Care order and contact rights

Supreme Court judgment 27 March 2020, HR-2020-662-S, (case no. 00-000000SIV-HRET), appeal against X Court of Appeal's judgment 24 June 2019.

A, B (Counsel Anders Brosveet) v. Y municipality (Counsel Mette Yvonne Larsen)

(Assisting counsel advokat Bendik Falch-Koslung), KS (third-party intervener) (Counsel Frode Lauareid).

Participating in accordance with section 30-13 of the Dispute Act: The State represented by the Ministry of Justice and Public Security (The Office of the Attorney General represented by Marius Emberland), (Assisting counsel Henriette Lund Busch)

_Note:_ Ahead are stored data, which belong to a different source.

(* Let $\mathcal O^\vee_q$ be the algebra defined in the context, with degrees and subspaces $\mathcal O^\vee_d$ as defined there. For every $d\in\mathbb N$, the subspace $\mathcal O^\vee_d$ is spanned by the products $a_1a_2\cdots a_n$ of essential generators such that both (i) $n\in\mathbb N$ and $\sum_{i=1}^n\deg(a_i)\le d$; and (ii) for $2\le i\le n$, $\deg(a_i)=1$ implies $\deg(a_{i-1})=1$.
   Context: All algebras are associative and unital over a field $\mathbb F$; $q\in\mathbb F$ is nonzero and not a root of unity. For elements $X,Y$ of an algebra, $[X,Y]=XY-YX$ and $[X,Y]_q=qXY-q^{-1}YX$. The algebra $\mathcal O^\vee_q$ is defined by generators (called essential generators) $\mathcal W_0,\mathcal W_1,\{\tilde{\mathcal G}_{k+1}\}_{k\in\mathbb N}$ and relations: $[\mathcal W_0,[\mathcal W_0,[\mathcal W_0,\mathcal W_1]_q]_{q^{-1}}]=(q^2-q^{-2})^2[\mathcal W_1,\mathcal W_0]$; $[\mathcal W_1,[\mathcal W_1,[\mathcal W_1,\mathcal W_0]_q]_{q^{-1}}]=(q^2-q^{-2})^2[\mathcal W_0,\mathcal W_1]$; $[\mathcal W_0,\tilde{\mathcal G}_1]=[\mathcal W_0,[\mathcal W_0,\mathcal W_1]_q]$; $[\tilde{\mathcal G}_1,\mathcal W_1]=[[\mathcal W_0,\mathcal W_1]_q,\mathcal W_1]$; for $k\ge1$: $[\tilde{\mathcal G}_{k+1},\mathcal W_0]=(q^2-q^{-2})^{-2}[\mathcal W_0,[\mathcal W_0,[\mathcal W_1,\tilde{\mathcal G}_k]_q]_q]$; for $k\ge1$: $[\mathcal W_1,\tilde{\mathcal G}_{k+1}]=(q^2-q^{-2})^{-2}[[[\tilde{\mathcal G}_k,\mathcal W_0]_q,\mathcal W_1]_q,\mathcal W_1]$; for $k,\ell\in\mathbb N$: $[\tilde{\mathcal G}_{k+1},\tilde{\mathcal G}_{\ell+1}]=0$. Assign degrees $\deg\mathcal W_0=\deg\mathcal W_1=1$ and $\deg\tilde{\mathcal G}_{k+1}=2k+2$ ($k\in\mathbb N$). For $d\in\mathbb N$, $\mathcal O^\vee_d$ is the subspace of $\mathcal O^\vee_q$ spanned by the products $a_1\cdots a_n$ ($n\in\mathbb N$, empty product $=1$) of essential generators with $\sum_i\deg(a_i)\le d$. *)

theory Defs
  imports Main "HOL-Library.Function_Algebras"
begin
text \<open>Split off the first, incomplete cell \<open>[u, t1]\<close>: from \<open>t1\<close> on the remainder estimate
  applies, and the jump of \<open>f (e k)\<close> at \<open>t1\<close> only contributes a second-order term because
  \<open>v - u\<close> exceeds the mesh.\<close>
lemma euler_interp_local_hoelder_beyond_mesh:
  assumes "0 \<le> u" "v \<le> 1" "1 / 2 ^ n < v - u" "v - u \<le> 1 / real N"
  shows "vabs (z v - z u) \<le> 2 * real CARD('h) * nf * C * (v - u) powr \<alpha>"
proof -
  define r where "r = v - u"
  define Q where "Q = real CARD('h) * nf * C * r powr \<alpha>"
  define a where "a = cell n u"
  define t1 where "t1 = grid n (Suc a)"
  have Q: "0 \<le> Q" using nf_nonneg C_pos by (simp add: Q_def)
  have a: "grid n a \<le> u" "u < t1" using cell_bounds[OF assms(1)] by (auto simp: a_def t1_def)
  have mesh_pos: "(0::real) < 1 / 2 ^ n" by simp
  then have "u < 1" using assms(2,3) by linarith
  then have "a < 2 ^ n" using cell_less[OF assms(1)] by (simp add: a_def)
  have "t1 < v" using a assms(3) by (simp add: t1_def grid_Suc)
  have "vabs ((z v - e (Suc a)) - f (e (Suc a)) *v (X v - X t1))
      \<le> 2 * \<kappa> * (K - 1) * (v - t1) powr \<alpha> * (real CARD('h) * nf * C * (v - t1) powr \<alpha>)"
    unfolding t1_def using \<open>t1 < v\<close> a assms by (intro euler_interp_remainder_local_le) (auto simp: t1_def)
  also have "\<dots> \<le> 2 * \<kappa> * (K - 1) * r powr \<alpha> * Q"
    unfolding Q_def using a alpha K_ge_one kappa_nonneg nf_nonneg C_pos \<open>t1 < v\<close>
    by (intro mult_mono mult_left_mono powr_mono2 mult_nonneg_nonneg) (auto simp: r_def)
  finally have remainder: "vabs ((z v - e (Suc a)) - f (e (Suc a)) *v (X v - X t1))
      \<le> 2 * \<kappa> * (K - 1) * r powr \<alpha> * Q" .
  have "vabs (f (e (Suc a)) *v (X v - X u)) \<le> real CARD('h) * nf * vabs (X v - X u)"
    by (rule vabs_f_mult_le)
  also have "\<dots> \<le> real CARD('h) * nf * (C * (v - u) powr \<alpha>)"
    using X_hoelder[of u v] assms mesh_pos nf_nonneg by (intro mult_left_mono) auto
  finally have first_order: "vabs (f (e (Suc a)) *v (X v - X u)) \<le> Q" by (simp add: Q_def r_def)
  have correction: "vabs ((f (e a) - f (e (Suc a))) *v (X t1 - X u)) \<le> \<kappa> * r powr \<alpha> * Q"
    unfolding Q_def t1_def
    using a \<open>a < 2 ^ n\<close> assms(3) \<open>t1 < v\<close> by (intro euler_cell_correction_le) (auto simp: r_def t1_def)
  have "z t1 - z u = f (e a) *v (X t1 - X u)"
    using z_diff_cell[of a u t1] a by (simp add: t1_def)
  then have "z v - z u = ((z v - e (Suc a)) - f (e (Suc a)) *v (X v - X t1))
      + f (e (Suc a)) *v (X v - X u) + (f (e a) - f (e (Suc a))) *v (X t1 - X u)"
    by (simp add: t1_def z_grid algebra_simps matrix_vector_mult_diff_distrib matrix_vector_mult_diff_rdistrib)
  then have "vabs (z v - z u) \<le> 2 * \<kappa> * (K - 1) * r powr \<alpha> * Q + Q + \<kappa> * r powr \<alpha> * Q"
    using remainder first_order correction vabs_triangle3 by (smt (verit))
  also have "\<dots> = Q + (2 * \<kappa> * K * r powr \<alpha>) * Q - \<kappa> * r powr \<alpha> * Q"
    by (simp add: algebra_simps)
  also have "\<dots> \<le> Q + (2 * \<kappa> * K * r powr \<alpha>) * Q"
    using Q kappa_nonneg by (simp add: mult_nonneg_nonneg)
  also have "\<dots> \<le> Q + 1 * Q"
    using small_scale[of r] assms mesh_pos Q by (intro add_left_mono mult_right_mono) (auto simp: r_def)
  finally show ?thesis by (simp add: Q_def r_def mult_ac)
qed

lemma euler_interp_local_hoelder:
  assumes "0 \<le> u" "u \<le> v" "v \<le> 1" "v - u \<le> 1 / real N"
  shows "vabs (z v - z u) \<le> 2 * real CARD('h) * nf * C * (v - u) powr \<alpha>"
proof (cases "v - u \<le> 1 / 2 ^ n")
  case True
  have "0 \<le> real CARD('h) * nf * C * (v - u) powr \<alpha>" using nf_nonneg C_pos by simp
  then show ?thesis using euler_interp_hoelder_within_mesh[OF assms(1-3) True] by simp
next
  case False
  then show ?thesis using euler_interp_local_hoelder_beyond_mesh assms by simp
qed

text \<open>Cover \<open>[t_i, t_j]\<close> by \<open>q = \<lceil>r N\<rceil> \<le> N\<close> equal pieces of length at most \<open>1 / N\<close>; the
  local bounds add up to \<open>q powr (1 - \<alpha>) * r powr \<alpha>\<close>.\<close>
lemma euler_hoelder:
  assumes "i < j" "j \<le> 2 ^ n"
  shows "vabs (e j - e i) \<le> 2 * real CARD('h) * real N powr (1 - \<alpha>) * nf * C * (grid n j - grid n i) powr \<alpha>"
proof -
  define r where "r = grid n j - grid n i"
  define A where "A = 2 * real CARD('h) * nf * C"
  define q where "q = nat \<lceil>r * real N\<rceil>"
  define t where "t l = grid n i + real l * (r / real q)" for l
  have r: "0 < r" "r \<le> 1"
    using assms grid_less_iff[of n i j] grid_le_one[of j n] grid_nonneg[of n i] by (auto simp: r_def)
  have q: "r * real N \<le> real q" "0 < real q" "q \<le> N"
    using r N_pos mult_right_mono[of r 1 "real N"] by (auto simp: q_def)
  have A: "0 \<le> A" using nf_nonneg C_pos by (simp add: A_def)
  have t_range: "0 \<le> t l \<and> t l \<le> 1" if "l \<le> q" for l
  proof -
    have "real l * (r / real q) \<le> r"
      using that r q mult_right_mono[of "real l" "real q" "r / real q"] by simp
    then show ?thesis using r grid_nonneg[of n i] grid_le_one[OF assms(2)] by (simp add: t_def r_def)
  qed
  have "e j - e i = (\<Sum>l<q. z (t (Suc l)) - z (t l))"
    using sum_lessThan_telescope[of "\<lambda>l. z (t l)" q] q(2) by (simp add: t_def r_def z_grid)
  then have "vabs (e j - e i) \<le> (\<Sum>l<q. vabs (z (t (Suc l)) - z (t l)))"
    by (simp add: vabs_sum_le)
  also have "\<dots> \<le> (\<Sum>l<q. A * (r / real q) powr \<alpha>)"
  proof (intro sum_mono)
    fix l assume "l \<in> {..<q}"
    then have "0 \<le> t l \<and> t l \<le> 1" "0 \<le> t (Suc l) \<and> t (Suc l) \<le> 1"
      using t_range by auto
    moreover have step: "t (Suc l) - t l = r / real q"
      by (simp add: t_def algebra_simps add_divide_distrib)
    moreover have "0 < r / real q" "r / real q \<le> 1 / real N"
      using r q N_pos by (simp_all add: field_simps)
    ultimately show "vabs (z (t (Suc l)) - z (t l)) \<le> A * (r / real q) powr \<alpha>"
      using euler_interp_local_hoelder[of "t l" "t (Suc l)"] by (simp add: A_def)
  qed
  also have "\<dots> = A * (real q powr (1 - \<alpha>) * r powr \<alpha>)"
    using q r by (simp add: powr_divide powr_diff)
  also have "\<dots> \<le> A * (real N powr (1 - \<alpha>) * r powr \<alpha>)"
    using q alpha A by (intro mult_left_mono mult_right_mono powr_mono2) auto
  finally show ?thesis by (simp add: A_def r_def mult_ac)
qed

end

Justices: Øie, Matningsdal, Møse, Matheson, Falkanger, Normann, Bull, Kallerud, Ringnes, Bergh, Østensen Berglund

The Court of Appeal had upheld the County Social Welfare Board's decision to issue a care order for a child born in 2017. The Supreme Court, having heard the appeal as a grand chamber together with two other child welfare cases, HR-2020-661-S and HR-2020-663-S, found after an individual assessment that the parents were neither invidually nor jointly able to take proper care of the child. In the event of a revocation of the care order, satisfactory conditions for the child could also not be created by other measures. The conditions for issuing a care order under section 4-12 of the Child Welfare Act were therefore met. With regard to contact rights, the Supreme Court stated that the ultimate goal of family reunification implied that the contact rights should be extensive enough to strengthen and develop the child's bonds to its parents, while not so extensive that it would pose a risk of harm to the child. Contact sessions were set to eight times a year under supervision.